We defined the Riemannian gradient to be a vector field $\mathrm{grad}^gL$ such that it is compatible with the Riemannian metric in some sense; the definition we gave relied on an explicit coordinate chart. We can also express the Riemannian gradient for matrix manifolds by not relying on an explicit coordinate representation (which would be computationally expensive) [20].

Definition

Given a Riemannian matrix manifold $\mathcal{M}$ we define the Riemannian gradient of $L:\mathcal{M}\to\mathbb{R}$ at $Y$, called $\mathrm{grad}_YL\in{}T_Y\mathcal{M}$, as the unique element of $T_Y\mathcal{M}$ such that for any other $\Delta\in{}T_Y\mathcal{M}$ we have

\[\mathrm{Tr}((\nabla{}L)^T\Delta) = g_Y(\mathrm{grad}_YL, \Delta),\]

where Tr indicates the usual matrix trace.

For the Stiefel manifold the Riemannian gradient is given by:

\[ \mathrm{grad}_YL = \nabla_YL - Y(\nabla_YL)^TY =: \mathtt{rgrad}(Y, \nabla_YL),\]

where $\nabla_YL$ refers to the Euclidean gradient, i.e.

\[ [\nabla_YL]_{ij} = \frac{\partial{}L}{\partial{}y_{ij}}.\]

The Euclidean gradient $\nabla{}L$ can in practice be obtained with an AD routine. We then use the function rgrad to map $\nabla_YL$ from $\mathbb{R}^{N\times{}n}$ to $T_YSt(n,N)$. We can check that this mapping indeed produces the Riemannian gradient^[3]:

using LinearAlgebra: tr

Y = rand(StiefelManifold, 5, 3)
∇L = rand(5, 3)
gradL = rgrad(Y, ∇L)
Δ = rgrad(Y, rand(5, 3))

metric(Y, gradL, Δ) ≈ tr(∇L' * Δ)

true

The Grassmann Manifold

The Grassmann manifold is closely related to the Stiefel manifold, and an element of the Grassmann manifold can be represented through an element of the Stiefel manifold (but not vice-versa). An element of the Grassmann manifold $Gr(n,N)$ is a vector subspace $\subset\mathbb{R}^N$ of dimension $n$. Each such subspace (i.e. element of the Grassmann manifold) can be represented by a full-rank matrix $A\in\mathbb{R}^{N\times{}n}$ and we identify two elements with the following equivalence relation:

\[ A_1 \sim A_2 \iff \exists{}C\in\mathbb{R}^{n\times{}n}\text{ s.t. }A_1C = A_2.\]
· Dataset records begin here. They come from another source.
(* Let $n\ge1$ and $\mathbf{P}_A,\mathbf{P}_B,\mathbf{Q}_A,\mathbf{Q}_B\in\mathbb{R}^{n\times n}$ be symmetric positive definite. Let $\omega_1\in[0,1]$. Then $\mathcal{E}(\mathbf{B}_{\mathrm{SCI}}(\omega_1))$ tightly circumscribes $\mathcal{V}^*$ if and only if there exists $\mathbf{x}\neq\mathbf{0}$ such that $g(\mathbf{x})=\mathbf{x}^\intercal\mathbf{H}_{\mathrm{SCI}}(\omega_1)\mathbf{x}$.
   Context: $\mathbf{C}_A=\mathbf{P}_A+\mathbf{Q}_A$, $\mathbf{C}_B=\mathbf{P}_B+\mathbf{Q}_B$. For $\omega\in[0,1]$, $\bar\omega=1-\omega$: $\mathbf{H}_{\mathrm{SCI}}(\omega)=\omega(\mathbf{P}_A+\omega\mathbf{Q}_A)^{-1}+\bar\omega(\mathbf{P}_B+\bar\omega\mathbf{Q}_B)^{-1}$ and $\mathbf{B}_{\mathrm{SCI}}(\omega)=\mathbf{H}_{\mathrm{SCI}}(\omega)^{-1}$. $\mathcal{A}_{\mathrm{Split}}=\{\mathbf{M} : \begin{bmatrix}\mathbf{P}_A & \mathbf{M}\\ \mathbf{M}^\intercal & \mathbf{P}_B\end{bmatrix}\succeq 0\}$. $\mathbf{C}_F(\mathbf{K},\mathbf{P}_{AB})=\mathbf{K}_A\mathbf{C}_A\mathbf{K}_A^\intercal+\mathbf{K}_A\mathbf{P}_{AB}\mathbf{K}_B^\intercal+\mathbf{K}_B\mathbf{P}_{AB}^\intercal\mathbf{K}_A^\intercal+\mathbf{K}_B\mathbf{C}_B\mathbf{K}_B^\intercal$. For $\mathbf{P}_{AB}\in\mathcal{A}_{\mathrm{Split}}$: $\mathbf{R}=\mathbf{C}_A+\mathbf{C}_B-\mathbf{P}_{AB}-\mathbf{P}_{AB}^\intercal$, $\mathbf{K}_A^*=(\mathbf{C}_B-\mathbf{P}_{AB}^\intercal)\mathbf{R}^{-1}$, $\mathbf{C}_F^*(\mathbf{P}_{AB})=\mathbf{C}_F((\mathbf{K}_A^*,\mathbf{I}-\mathbf{K}_A^* ),\mathbf{P}_{AB})$, $\mathbf{M}_F^*(\mathbf{P}_{AB})=\mathbf{C}_F^*(\mathbf{P}_{AB})^{-1}$. $g(\mathbf{x})=\min_{\mathbf{P}_{AB}\in\mathcal{A}_{\mathrm{Split}}}\mathbf{x}^\intercal\mathbf{M}_F^*(\mathbf{P}_{AB})\mathbf{x}$. For symmetric positive definite $\mathbf{P}$, $\mathcal{E}(\mathbf{P})=\{\mathbf{x}:\mathbf{x}^\intercal\mathbf{P}^{-1}\mathbf{x}\le1\}$; $\mathcal{V}^*=\bigcup_{\mathbf{P}_{AB}\in\mathcal{A}_{\mathrm{Split}}}\mathcal{E}(\mathbf{C}_F^*(\mathbf{P}_{AB}))$. $\mathcal{E}(\mathbf{P})$ tightly circumscribes $\mathcal{V}^*$ if $\mathcal{V}^*\subseteq\mathcal{E}(\mathbf{P})$ and for every symmetric positive definite $\mathbf{Q}$, $\mathcal{V}^*\subseteq\mathcal{E}(\mathbf{Q})\subseteq\mathcal{E}(\mathbf{P})$ implies $\mathbf{Q}=\mathbf{P}$. *)

theory Defs
  imports "HOL-Analysis.Analysis"
begin

definition sym_mat :: "real^'n^'n \<Rightarrow> bool" where
  "sym_mat A \<longleftrightarrow> transpose A = A"

definition spd :: "real^'n^'n \<Rightarrow> bool" where
  "spd A \<longleftrightarrow> sym_mat A \<and> (\<forall>x. x \<noteq> 0 \<longrightarrow> x \<bullet> (A *v x) > 0)"

definition psd :: "real^'n^'n \<Rightarrow> bool" where
  "psd A \<longleftrightarrow> sym_mat A \<and> (\<forall>x. x \<bullet> (A *v x) \<ge> 0)"

definition block2 :: "real^'n^'n \<Rightarrow> real^'n^'n \<Rightarrow> real^'n^'n \<Rightarrow> real^('n+'n)^('n+'n)" where
  "block2 A M B = (\<chi> i j. case i of
       Inl a \<Rightarrow> (case j of Inl b \<Rightarrow> A $ a $ b | Inr b \<Rightarrow> M $ a $ b)
     | Inr a \<Rightarrow> (case j of Inl b \<Rightarrow> transpose M $ a $ b | Inr b \<Rightarrow> B $ a $ b))"

definition H_SCI :: "real^'n^'n \<Rightarrow> real^'n^'n \<Rightarrow> real^'n^'n \<Rightarrow> real^'n^'n \<Rightarrow> real \<Rightarrow> real^'n^'n" where
  "H_SCI PA PB QA QB w =
     w *\<^sub>R matrix_inv (PA + w *\<^sub>R QA) + (1 - w) *\<^sub>R matrix_inv (PB + (1 - w) *\<^sub>R QB)"

definition B_SCI :: "real^'n^'n \<Rightarrow> real^'n^'n \<Rightarrow> real^'n^'n \<Rightarrow> real^'n^'n \<Rightarrow> real \<Rightarrow> real^'n^'n" where
  "B_SCI PA PB QA QB w = matrix_inv (H_SCI PA PB QA QB w)"

definition A_Split :: "real^'n^'n \<Rightarrow> real^'n^'n \<Rightarrow> (real^'n^'n) set" where
  "A_Split PA PB = {M. psd (block2 PA M PB)}"

definition C_F :: "real^'n^'n \<Rightarrow> real^'n^'n \<Rightarrow> real^'n^'n \<Rightarrow> real^'n^'n \<Rightarrow> real^'n^'n \<Rightarrow> real^'n^'n" where
  "C_F CA CB KA KB PAB =
     KA ** CA ** transpose KA + KA ** PAB ** transpose KB
   + KB ** transpose PAB ** transpose KA + KB ** CB ** transpose KB"

definition C_F_opt :: "real^'n^'n \<Rightarrow> real^'n^'n \<Rightarrow> real^'n^'n \<Rightarrow> real^'n^'n \<Rightarrow> real^'n^'n \<Rightarrow> real^'n^'n" where
  "C_F_opt PA PB QA QB PAB =
     (let CA = PA + QA; CB = PB + QB;
          R = CA + CB - PAB - transpose PAB;
          KA = (CB - transpose PAB) ** matrix_inv R
      in C_F CA CB KA (mat 1 - KA) PAB)"

definition M_F_opt :: "real^'n^'n \<Rightarrow> real^'n^'n \<Rightarrow> real^'n^'n \<Rightarrow> real^'n^'n \<Rightarrow> real^'n^'n \<Rightarrow> real^'n^'n" where
  "M_F_opt PA PB QA QB PAB = matrix_inv (C_F_opt PA PB QA QB PAB)"

text \<open>g(x) = min over A_Split; written as an infimum (the minimum is attained).\<close>
definition g_fun :: "real^'n^'n \<Rightarrow> real^'n^'n \<Rightarrow> real^'n^'n \<Rightarrow> real^'n^'n \<Rightarrow> real^'n \<Rightarrow> real" where
  "g_fun PA PB QA QB x = (INF PAB \<in> A_Split PA PB. x \<bullet> (M_F_opt PA PB QA QB PAB *v x))"

definition ellipsoid :: "real^'n^'n \<Rightarrow> (real^'n) set" where
  "ellipsoid P = {x. x \<bullet> (matrix_inv P *v x) \<le> 1}"

definition V_star :: "real^'n^'n \<Rightarrow> real^'n^'n \<Rightarrow> real^'n^'n \<Rightarrow> real^'n^'n \<Rightarrow> (real^'n) set" where
  "V_star PA PB QA QB = (\<Union>PAB \<in> A_Split PA PB. ellipsoid (C_F_opt PA PB QA QB PAB))"

definition tightly_circumscribes :: "real^'n^'n \<Rightarrow> (real^'n) set \<Rightarrow> bool" where
  "tightly_circumscribes P V \<longleftrightarrow> V \<subseteq> ellipsoid P \<and>
     (\<forall>Q. spd Q \<longrightarrow> V \<subseteq> ellipsoid Q \<longrightarrow> ellipsoid Q \<subseteq> ellipsoid P \<longrightarrow> Q = P)"

end

theory Submission
  imports Defs
begin

text \<open>
  Write \<open>h(w, x) = x\<^sup>T H\<^sub>S\<^sub>C\<^sub>I(w) x\<close>. Its derivative in \<open>w\<close> is the quadratic form
  \<open>q(w, x) = |(P\<^sub>A + w Q\<^sub>A)\<inverse> x|\<^sup>2\<^sub>P\<^sub>A - |(P\<^sub>B + (1 - w) Q\<^sub>B)\<inverse> x|\<^sup>2\<^sub>P\<^sub>B\<close>, which is strictly
  decreasing in \<open>w\<close>, and \<open>h\<close> is concave in \<open>w\<close>. For every admissible cross-covariance the fused
  information form dominates every \<open>h(w, \<cdot>)\<close>, so \<open>g \<ge> h(w, \<cdot>)\<close> and \<open>\<V>\<^sup>* \<subseteq> \<E>(B\<^sub>S\<^sub>C\<^sub>I(w))\<close>;
  conversely a rank-one cross-covariance gives \<open>g(x) = h(w, x)\<close> whenever \<open>q(w, x) = 0\<close>, or
  \<open>w\<close> is an endpoint and \<open>q(w, x)\<close> has the sign pointing out of \<open>[0, 1]\<close>.

  Both sides of the equivalence then say that \<open>h(w, \<cdot>)\<close> is not strictly dominated by another
  \<open>h(w', \<cdot>)\<close>. Without touching points \<open>q(w, \<cdot>)\<close> has no isotropic vectors, hence is definite and
  pushes \<open>w\<close> into the interior, where the concavity of \<open>h\<close> yields a dominating weight. For
  tightness, a smaller circumscribing ellipsoid yields a semidefinite excess \<open>D = Q\<inverse> - H\<^sub>S\<^sub>C\<^sub>I(w)\<close>
  bounded by increments of \<open>h\<close> at touching points; it vanishes on the isotropic cone of an
  indefinite \<open>q(w, \<cdot>)\<close>, which spans the space, and in the semidefinite case a small change of the
  weight produces enough isotropic vectors.
\<close>

section \<open>Inverses and positive definite matrices\<close>

lemma matrix_inv_mult:
  fixes A :: "real^'n^'n"
  assumes "invertible A"
  shows matrix_inv_right: "A ** matrix_inv A = mat 1"
    and matrix_inv_left: "matrix_inv A ** A = mat 1"
proof -
  have "\<exists>A'. A ** A' = mat 1 \<and> A' ** A = mat 1"
    using assms unfolding invertible_def by blast
  from someI_ex[OF this] show "A ** matrix_inv A = mat 1" "matrix_inv A ** A = mat 1"
    unfolding matrix_inv_def by auto
qed

lemma matrix_inv_mult_vector:
  fixes A :: "real^'n^'n"
  assumes "invertible A"
  shows "A *v (matrix_inv A *v x) = x" and "matrix_inv A *v (A *v x) = x"
  using matrix_inv_mult[OF assms] by (simp_all add: matrix_vector_mul_assoc)

lemma matrix_inv_unique:
  fixes A B :: "real^'n^'n"
  assumes "invertible A" and "B ** A = mat 1"
  shows "matrix_inv A = B"
proof -
  have "B = B ** (A ** matrix_inv A)" using matrix_inv_right[OF assms(1)] by simp
  also have "\<dots> = matrix_inv A" by (simp add: matrix_mul_assoc assms(2))
  finally show ?thesis by simp
qed

lemma invertible_matrix_inv:
  fixes A :: "real^'n^'n"
  assumes "invertible A"
  shows "invertible (matrix_inv A)"
  using matrix_inv_mult[OF assms] unfolding invertible_def by blast

lemma matrix_inv_matrix_inv:
  fixes A :: "real^'n^'n"
  assumes "invertible A"
  shows "matrix_inv (matrix_inv A) = A"
  by (rule matrix_inv_unique[OF invertible_matrix_inv[OF assms] matrix_inv_right[OF assms]])

lemma inner_transpose_commute:
  fixes A :: "real^'n^'n"
  shows "y \<bullet> (transpose A *v x) = x \<bullet> (A *v y)"
  by (simp add: dot_lmul_matrix[symmetric] inner_commute)

lemma sym_mat_inner_commute:
  fixes A :: "real^'n^'n"
  assumes "sym_mat A"
  shows "x \<bullet> (A *v y) = y \<bullet> (A *v x)"
  using inner_transpose_commute[of x A y] assms unfolding sym_mat_def by simp

lemma matrix_vector_mult_uminus_right: "(A::real^'n^'m) *v (- y) = - (A *v y)"
  by (simp add: matrix_vector_mult_def vec_eq_iff sum_negf)

lemma transpose_add: "transpose (A + B) = transpose A + transpose (B :: real^'n^'m)"
  by (simp add: transpose_def vec_eq_iff)

lemma transpose_diff: "transpose (A - B) = transpose A - transpose (B :: real^'n^'m)"
  by (simp add: transpose_def vec_eq_iff)

lemma sym_mat_add: "sym_mat A \<Longrightarrow> sym_mat B \<Longrightarrow> sym_mat (A + B)"
  unfolding sym_mat_def by (simp add: transpose_add)

lemma sym_mat_diff: "sym_mat A \<Longrightarrow> sym_mat B \<Longrightarrow> sym_mat (A - B)"
  unfolding sym_mat_def by (simp add: transpose_diff)

lemma sym_mat_scaleR: "sym_mat A \<Longrightarrow> sym_mat (c *\<^sub>R A)"
  unfolding sym_mat_def by (simp add: transpose_scalar)

lemma spd_sym: "spd A \<Longrightarrow> sym_mat A"
  unfolding spd_def by simp

lemma spd_pos: "spd A \<Longrightarrow> x \<noteq> 0 \<Longrightarrow> 0 < x \<bullet> (A *v x)"
  unfolding spd_def by simp

lemma spd_nonneg: "spd A \<Longrightarrow> 0 \<le> x \<bullet> (A *v x)"
  unfolding spd_def by (cases "x = 0") (auto intro: less_imp_le)

lemma spd_imp_psd: "spd A \<Longrightarrow> psd A"
  unfolding psd_def by (simp add: spd_sym spd_nonneg)

lemma spd_invertible:
  fixes A :: "real^'n^'n"
  assumes "spd A"
  shows "invertible A"
proof -
  have "A *v x = 0 \<longrightarrow> x = 0" for x
    using spd_pos[OF assms, of x] by force
  then show ?thesis using matrix_left_invertible_ker invertible_left_inverse by blast
qed

lemma sym_mat_matrix_inv:
  fixes A :: "real^'n^'n"
  assumes "sym_mat A" and "invertible A"
  shows "sym_mat (matrix_inv A)"
proof -
  have "transpose (matrix_inv A) ** A = mat 1"
    using arg_cong[OF matrix_inv_right[OF assms(2)], of transpose] assms(1)
    unfolding sym_mat_def by (simp add: matrix_transpose_mul)
  then have "matrix_inv A = transpose (matrix_inv A)" by (rule matrix_inv_unique[OF assms(2)])
  then show ?thesis unfolding sym_mat_def by simp
qed

lemma spd_matrix_inv:
  fixes A :: "real^'n^'n"
  assumes "spd A"
  shows "spd (matrix_inv A)"
  unfolding spd_def
proof (intro conjI allI impI)
  have inv: "invertible A" by (rule spd_invertible[OF assms])
  show "sym_mat (matrix_inv A)" by (rule sym_mat_matrix_inv[OF spd_sym[OF assms] inv])
  fix x :: "real^'n"
  assume "x \<noteq> 0"
  define y where "y = matrix_inv A *v x"
  have x: "x = A *v y" unfolding y_def by (simp add: matrix_inv_mult_vector[OF inv])
  with \<open>x \<noteq> 0\<close> have "0 < y \<bullet> (A *v y)" by (intro spd_pos[OF assms]) auto
  then show "0 < x \<bullet> (matrix_inv A *v x)"
    unfolding x by (simp add: matrix_inv_mult_vector(2)[OF inv] inner_commute)
qed

lemma spd_add_scaleR:
  fixes P Q :: "real^'n^'n"
  assumes "spd P" and "spd Q" and "0 \<le> s"
  shows "spd (P + s *\<^sub>R Q)"
  unfolding spd_def
proof (intro conjI allI impI)
  show "sym_mat (P + s *\<^sub>R Q)" using assms by (simp add: sym_mat_add sym_mat_scaleR spd_sym)
  fix x :: "real^'n"
  assume "x \<noteq> 0"
  have "0 < x \<bullet> (P *v x)" using assms(1) \<open>x \<noteq> 0\<close> by (rule spd_pos)
  moreover have "0 \<le> s * (x \<bullet> (Q *v x))" using assms(3) spd_nonneg[OF assms(2)] by simp
  ultimately show "0 < x \<bullet> ((P + s *\<^sub>R Q) *v x)"
    by (simp add: matrix_vector_mult_add_rdistrib scaleR_matrix_vector_assoc[symmetric] inner_add_right)
qed

section \<open>Quadratic forms\<close>

lemma sym_form_expand:
  fixes N :: "real^'n^'n"
  assumes "sym_mat N"
  shows "(r *\<^sub>R x + v) \<bullet> (N *v (r *\<^sub>R x + v))
           = r\<^sup>2 * (x \<bullet> (N *v x)) + 2 * r * (x \<bullet> (N *v v)) + v \<bullet> (N *v v)"
  using sym_mat_inner_commute[OF assms, of v x]
  by (simp add: matrix_vector_right_distrib matrix_vector_mult_scaleR inner_add_left
      inner_add_right power2_eq_square algebra_simps)

lemma psd_form_eq_0_imp_kernel:
  fixes D :: "real^'n^'n"
  assumes "psd D" and "x \<bullet> (D *v x) = 0"
  shows "D *v x = 0"
proof (rule ccontr)
  assume "D *v x \<noteq> 0"
  define y where "y = D *v x"
  define c where "c = \<bar>y \<bullet> (D *v y)\<bar> + 1"
  define t where "t = - (y \<bullet> y) / c"
  have sym: "sym_mat D" using assms(1) unfolding psd_def by simp
  have yy: "0 < y \<bullet> y" using \<open>D *v x \<noteq> 0\<close> unfolding y_def by simp
  have c: "0 < c" "y \<bullet> (D *v y) \<le> c" unfolding c_def by auto
  have "0 \<le> (t *\<^sub>R y + x) \<bullet> (D *v (t *\<^sub>R y + x))"
    using assms(1) unfolding psd_def by blast
  also have "\<dots> = t\<^sup>2 * (y \<bullet> (D *v y)) + 2 * t * (y \<bullet> y)"
    unfolding sym_form_expand[OF sym] y_def[symmetric] assms(2)[folded y_def] by simp
  also have "\<dots> \<le> t\<^sup>2 * c + 2 * t * (y \<bullet> y)" using c by (simp add: mult_left_mono)
  also have "\<dots> = - ((y \<bullet> y)\<^sup>2 / c)" unfolding t_def using c by (simp add: field_simps power2_eq_square)
  also have "\<dots> < 0" using yy c by simp
  finally show False by simp
qed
The resulting manifold is of dimension $n(N-n)$. One can find a parametrization of the manifold the following way: Because the matrix $Y$ has full rank, there have to be $n$ independent columns in it: $i_1, \ldots, i_n$. For simplicity assume that $i_1 = 1, i_2=2, \ldots, i_n=n$ and call the matrix made up of these columns $C$. Then the mapping to the coordinate chart is: $YC^{-1}$ and the last $N-n$ columns are the coordinates.

We can also define the Grassmann manifold based on the Stiefel manifold since elements of the Stiefel manifold are already full-rank matrices. In this case we have the following equivalence relation (for $Y_1, Y_2\in{}St(n,N)$):

\[ Y_1 \sim Y_2 \iff \exists{}C\in{}SO(n)\text{ s.t. }Y_1C = Y_2.\]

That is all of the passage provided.